2011/9/30 Cameron McIntosh <>:
> Hi Dimitriy,
> This type of analysis might be a bit dicey without basket data (record per customer with a transaction date, along with items purchased), but I don't imagine ecological data is completely prohibitive, either -- this is discussed in the Nestorov and Jukić (2003) paper below. I don't know about Stata specifically...
> Hahsler, M., Buchta, C., Gruen, B., & Hornik, K. (September 19, 2011). Mining Association Rules and Frequent Itemsets: Package 'arules', Version 1.0-6.
> Hahsler, M., Chelluboina, S. Hornik, K., & Buchta, C. (2011). The arules R-Package Ecosystem: Analyzing Interesting Patterns from Large Transaction Data Sets. Journal of Machine Learning Research, 12, 2021-2025.
> Zhang, S., & Wu, X. (2011). Fundamentals of association rules in data mining and knowledge discovery. Wiley Interdisciplinary Reviews: Data Mining and Knowledge Discovery, 1(2), 97-116.
> Ben Messaoud, R., Loudcher Rabaséda, S. Missaoui, R. & Boussaid, O. (2008). OLEMAR: an On-Line Environment for Mining Association Rules in Multidimensional Data. In D. Taniar, (Ed.), Data Mining and Knowledge Discovery Technologies (pp. 1-35). IGI Global, 2008.
> Khan, A., Baharudin, B., & Khan, K. (2011). Mining customer data for decision-making using new hybrid classification algorithm. Journal of Theoretical and Applied Information Technology, 27(1), 54-61.

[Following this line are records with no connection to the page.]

text \<open>The identities \<open>1 / [A, B] = (A, B) / (A B)\<close> and \<open>n = \<Sum>\<^bsub>d | n\<^esub> \<phi>(d)\<close> diagonalise the
  quadratic form; its diagonal coefficients are \<open>\<phi>(T) (h(T) / G(z))\<^sup>2 = h(T) / G(z)\<^sup>2\<close>.\<close>

lemma selberg_quadratic_form:
  assumes z: "z \<ge> 1"
  shows "(\<Sum>A\<in>prime_sets_upto z. \<Sum>B\<in>prime_sets_upto z.
      selberg_lambda z A * selberg_lambda z B / real (\<Prod>(A \<union> B))) = 1 / selberg_G z"
proof -
  define D where "D = prime_sets_upto z"
  define G where "G = selberg_G z"
  define a where "a A = selberg_lambda z A / real (\<Prod>A)" for A
  have "G > 0" using selberg_G_ge_1[OF z] unfolding G_def by simp
  have expand: "selberg_lambda z A * selberg_lambda z B / real (\<Prod>(A \<union> B))
     = (\<Sum>T\<in>D. if T \<subseteq> A \<and> T \<subseteq> B then phi_set T * a A * a B else 0)"
    if A: "A \<in> D" and B: "B \<in> D" for A B
  proof -
    have pos: "real (\<Prod>A) > 0" "real (\<Prod>B) > 0" "real (\<Prod>(A \<union> B)) > 0"
      using A B prime_sets_upto_prime unfolding D_def by (auto intro!: prod_primes_pos)
    have "finite A" "finite B"
      using A B prime_sets_upto_finite unfolding D_def by blast+
    then have "real (\<Prod>(A \<union> B)) * real (\<Prod>(A \<inter> B)) = real (\<Prod>A) * real (\<Prod>B)"
      by (rule real_prod_union_mult_prod_inter)
    then have "selberg_lambda z A * selberg_lambda z B / real (\<Prod>(A \<union> B)) = a A * a B * real (\<Prod>(A \<inter> B))"
      using pos unfolding a_def by (simp add: field_simps)
    then show ?thesis
      using prod_inter_eq_sum_phi_set[of A z B] A unfolding D_def
      by (simp add: sum_distrib_left mult_ac if_distrib cong: if_cong)
  qed
  have "(\<Sum>A\<in>D. \<Sum>B\<in>D. selberg_lambda z A * selberg_lambda z B / real (\<Prod>(A \<union> B)))
     = (\<Sum>T\<in>D. phi_set T * (\<Sum>A\<in>D. if T \<subseteq> A then a A else 0)\<^sup>2)"
    using expand by (simp add: sum_sum_common_subsets)
  also have "\<dots> = (\<Sum>T\<in>D. h_set T / G\<^sup>2)"
  proof (rule sum.cong[OF refl])
    fix T assume T: "T \<in> D"
    have "h_set T * phi_set T = 1"
      using T prime_sets_upto_prime unfolding D_def by (intro h_set_mult_phi_set) blast
    moreover have "(\<Sum>A\<in>D. if T \<subseteq> A then a A else 0) = (-1) ^ card T * h_set T / G"
      using sum_selberg_lambda_div_prod[OF z, of T] T finite_prime_sets_upto[of z]
      unfolding a_def D_def G_def by (simp add: sum.inter_filter)
    ultimately show "phi_set T * (\<Sum>A\<in>D. if T \<subseteq> A then a A else 0)\<^sup>2 = h_set T / G\<^sup>2"
      by (simp add: power2_eq_square field_simps flip: power_mult_distrib)
  qed
  also have "\<dots> = 1 / G"
    using \<open>G > 0\<close> by (simp add: G_def D_def selberg_G_def power2_eq_square flip: sum_divide_distrib)
  finally show ?thesis unfolding D_def G_def .
qed

text \<open>Since \<open>d h(d) = \<Sum>\<^bsub>v | d\<^esub> h(v)\<close>, the left-hand side is a sum of \<open>h(V \<union> (R - S))\<close> over pairs
  \<open>V \<subseteq> S \<subseteq> R\<close>, and these sets are distinct elements of \<open>prime_sets_upto z\<close>.\<close>

lemma prod_mult_sum_h_set_supersets_le:
  assumes S: "S \<in> prime_sets_upto z"
  shows "real (\<Prod>S) * (\<Sum>R\<in>{R\<in>prime_sets_upto z. S \<subseteq> R}. h_set R) \<le> selberg_G z"
proof -
  define D where "D = prime_sets_upto z"
  define X where "X = {R\<in>D. S \<subseteq> R}"
  define f where "f = (\<lambda>(V, R). V \<union> (R - S))"
  have "finite D" unfolding D_def by (rule finite_prime_sets_upto)
  have "finite S" using S by (rule prime_sets_upto_finite)
  have "\<And>R. R \<in> X \<Longrightarrow> finite R"
    using prime_sets_upto_finite unfolding X_def D_def by blast
  then have h_split: "h_set R = h_set S * h_set (R - S)" if "R \<in> X" for R
    using that prod.subset_diff[of S R] unfolding X_def h_set_def by (auto simp: mult.commute)
  have h_union: "h_set V * h_set (R - S) = h_set (f (V, R))" if "V \<in> Pow S" "R \<in> X" for V R
  proof -
    have "finite V" "finite (R - S)" "V \<inter> (R - S) = {}"
      using that \<open>finite S\<close> \<open>\<And>R. R \<in> X \<Longrightarrow> finite R\<close> by (auto intro: finite_subset)
    then show ?thesis
      by (simp add: h_set_def f_def prod.union_disjoint)
  qed
  have "inj_on f (Pow S \<times> X)"
  proof (rule inj_onI, clarsimp simp: f_def X_def)
    fix V R V' R' assume "V \<union> (R - S) = V' \<union> (R' - S)" "V \<subseteq> S" "V' \<subseteq> S" "S \<subseteq> R" "S \<subseteq> R'"
    then show "V = V' \<and> R = R'" by blast
  qed
  have "f ` (Pow S \<times> X) \<subseteq> D"
    using prime_sets_upto_subset_closed unfolding f_def X_def D_def by fastforce
  have "real (\<Prod>S) * (\<Sum>R\<in>X. h_set R) = (\<Sum>R\<in>X. real (\<Prod>S) * h_set S * h_set (R - S))"
    by (simp add: sum_distrib_left h_split mult.assoc)
  also have "\<dots> = (\<Sum>R\<in>X. \<Sum>V\<in>Pow S. h_set (f (V, R)))"
    using S prime_sets_upto_prime
    by (simp add: prod_mult_h_set_eq_sum[OF \<open>finite S\<close>] sum_distrib_right h_union)
  also have "\<dots> = (\<Sum>V\<in>Pow S. \<Sum>R\<in>X. h_set (f (V, R)))"
    by (rule sum.swap)
  also have "\<dots> = (\<Sum>W\<in>f ` (Pow S \<times> X). h_set W)"
    by (simp add: sum.cartesian_product sum.reindex[OF \<open>inj_on f (Pow S \<times> X)\<close>])
  also have "\<dots> \<le> selberg_G z"
    using \<open>f ` (Pow S \<times> X) \<subseteq> D\<close> \<open>finite D\<close> unfolding selberg_G_def D_def
    by (intro sum_mono2) (auto simp: h_set_nonneg_prime_sets_upto)
  finally show ?thesis unfolding X_def D_def .
qed

lemma abs_selberg_lambda_le_1:
  assumes z: "z \<ge> 1" and S: "S \<in> prime_sets_upto z"
  shows "\<bar>selberg_lambda z S\<bar> \<le> 1"
proof -
  have "(\<Sum>R\<in>{R\<in>prime_sets_upto z. S \<subseteq> R}. h_set R) \<ge> 0"
    by (rule sum_nonneg) (auto simp: h_set_nonneg_prime_sets_upto)
  with prod_mult_sum_h_set_supersets_le[OF S] selberg_G_ge_1[OF z] show ?thesis
    by (simp add: selberg_lambda_def abs_mult)
qed

section \<open>The upper bound sieve\<close>

definition selberg_weight :: "real \<Rightarrow> nat \<Rightarrow> real" where
  "selberg_weight z n = (\<Sum>S\<in>{S\<in>prime_sets_upto z. \<Prod>S dvd n}. selberg_lambda z S)"

lemma selberg_weight_prime:
  assumes z: "z \<ge> 1" and p: "prime p" "z < real p"
  shows "selberg_weight z p = 1"
proof -
  have "\<not> \<Prod>S dvd p" if S: "S \<in> prime_sets_upto z" "S \<noteq> {}" for S
  proof
    assume "\<Prod>S dvd p"
    obtain q where "q \<in> S" using S by blast
    then have "prime q" "q dvd \<Prod>S"
      using S prime_sets_upto_prime prime_sets_upto_dvd_prod_iff by blast+
    with \<open>\<Prod>S dvd p\<close> p have "q = p"
      using primes_dvd_imp_eq dvd_trans by blast
    moreover have "q \<le> \<Prod>S"
      using \<open>q dvd \<Prod>S\<close> prod_prime_sets_upto_pos[OF S(1)] by (rule dvd_imp_le)
    moreover have "real (\<Prod>S) \<le> z"
      using S by (simp add: prime_sets_upto_def)
    ultimately show False
      using p by linarith
  qed
  then have "{S\<in>prime_sets_upto z. \<Prod>S dvd p} = {{}}"
    using empty_in_prime_sets_upto[OF z] by auto
  then show ?thesis
    by (simp add: selberg_weight_def selberg_lambda_empty[OF z])
qed

lemma selberg_weight_square:
  "(selberg_weight z n)\<^sup>2 = (\<Sum>A\<in>prime_sets_upto z. \<Sum>B\<in>prime_sets_upto z.
     if \<Prod>(A \<union> B) dvd n then selberg_lambda z A * selberg_lambda z B else 0)"
proof -
  have "(selberg_weight z n)\<^sup>2 = (\<Sum>A\<in>prime_sets_upto z. \<Sum>B\<in>prime_sets_upto z.
      (if \<Prod>A dvd n then selberg_lambda z A else 0) * (if \<Prod>B dvd n then selberg_lambda z B else 0))"
    by (simp add: selberg_weight_def sum.inter_filter finite_prime_sets_upto power2_eq_square sum_product)
  also have "\<dots> = (\<Sum>A\<in>prime_sets_upto z. \<Sum>B\<in>prime_sets_upto z.
      if \<Prod>(A \<union> B) dvd n then selberg_lambda z A * selberg_lambda z B else 0)"
    by (intro sum.cong[OF refl]) (auto simp flip: prime_sets_upto_dvd_union_iff)
  finally show ?thesis .
qed

lemma selberg_remainder_le:
  assumes x: "0 \<le> x" and y: "0 \<le> y" and z: "1 \<le> z"
    and A: "A \<in> prime_sets_upto z" and B: "B \<in> prime_sets_upto z"
  shows "selberg_lambda z A * selberg_lambda z B *
      real (card {n. x < real n \<and> real n \<le> x + y \<and> \<Prod>(A \<union> B) dvd n})
    \<le> y * (selberg_lambda z A * selberg_lambda z B / real (\<Prod>(A \<union> B))) + 1"
proof -
  define c where "c = real (card {n. x < real n \<and> real n \<le> x + y \<and> \<Prod>(A \<union> B) dvd n})"
  have "\<Prod>(A \<union> B) > 0"
    using A B prime_sets_upto_prime by (auto intro!: prod_primes_pos)
  then have "\<bar>c - y / real (\<Prod>(A \<union> B))\<bar> \<le> 1"
    using card_multiples_in_interval[of x "x + y"] x y unfolding c_def by simp
  moreover have "\<bar>selberg_lambda z A\<bar> \<le> 1" "\<bar>selberg_lambda z B\<bar> \<le> 1"
    using A B abs_selberg_lambda_le_1[OF z] by blast+
  ultimately have "\<bar>selberg_lambda z A * selberg_lambda z B * (c - y / real (\<Prod>(A \<union> B)))\<bar> \<le> 1 * 1 * 1"
    unfolding abs_mult by (intro mult_mono) auto
  then show ?thesis
    unfolding c_def[symmetric] by (simp add: algebra_simps)
qed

> Nestorov, S., & Jukić, N. (2003). Ad-Hoc Association-Rule Mining within the Data Warehouse. Proceedings of the 36th Annual Hawaii International Conference on System Sciences (HICSS'03) - Track 8 - Volume 8. Washington, DC, USA: IEEE Computer Society.
> Cam
>> Date: Fri, 30 Sep 2011 11:34:50 -0400
>> Subject: st: exploratory data analysis for finding substitutes and complements
>> From:
>> To:
>> I have a panel data set with store-level sales data for 125 items at a
>> chain restaurant. My variables are quantity sold of that item in a
>> particular store and time. My data looks like this: store_id, week,
>> hot_dogs, burgers, fries, and drinks. For each item, I would like to
>> figure out which items are substitutes or complements. For example, I
>> would expect hamburgers and fries and hot dogs and fries to be
>> complements, while hot dogs and hamburgers to be substitutes. I would
>> like to group items into clusters to make some time-series graphs, but
>> plotting all 125 items on the same graph is messy.
>> My first attempt at this involved calculating pairwise correlations
>> between items, and grabbing those where the correlation is above some
>> threshold X in absolute value. This works reasonably well, but I don't
>> want to do this by hand for all the items and my loop-over-items
>> approach is slow and inefficient.
>> Is there a command that can accomplish this for me? Or is there a
>> better way of doing this using some sort of clustering algorithm?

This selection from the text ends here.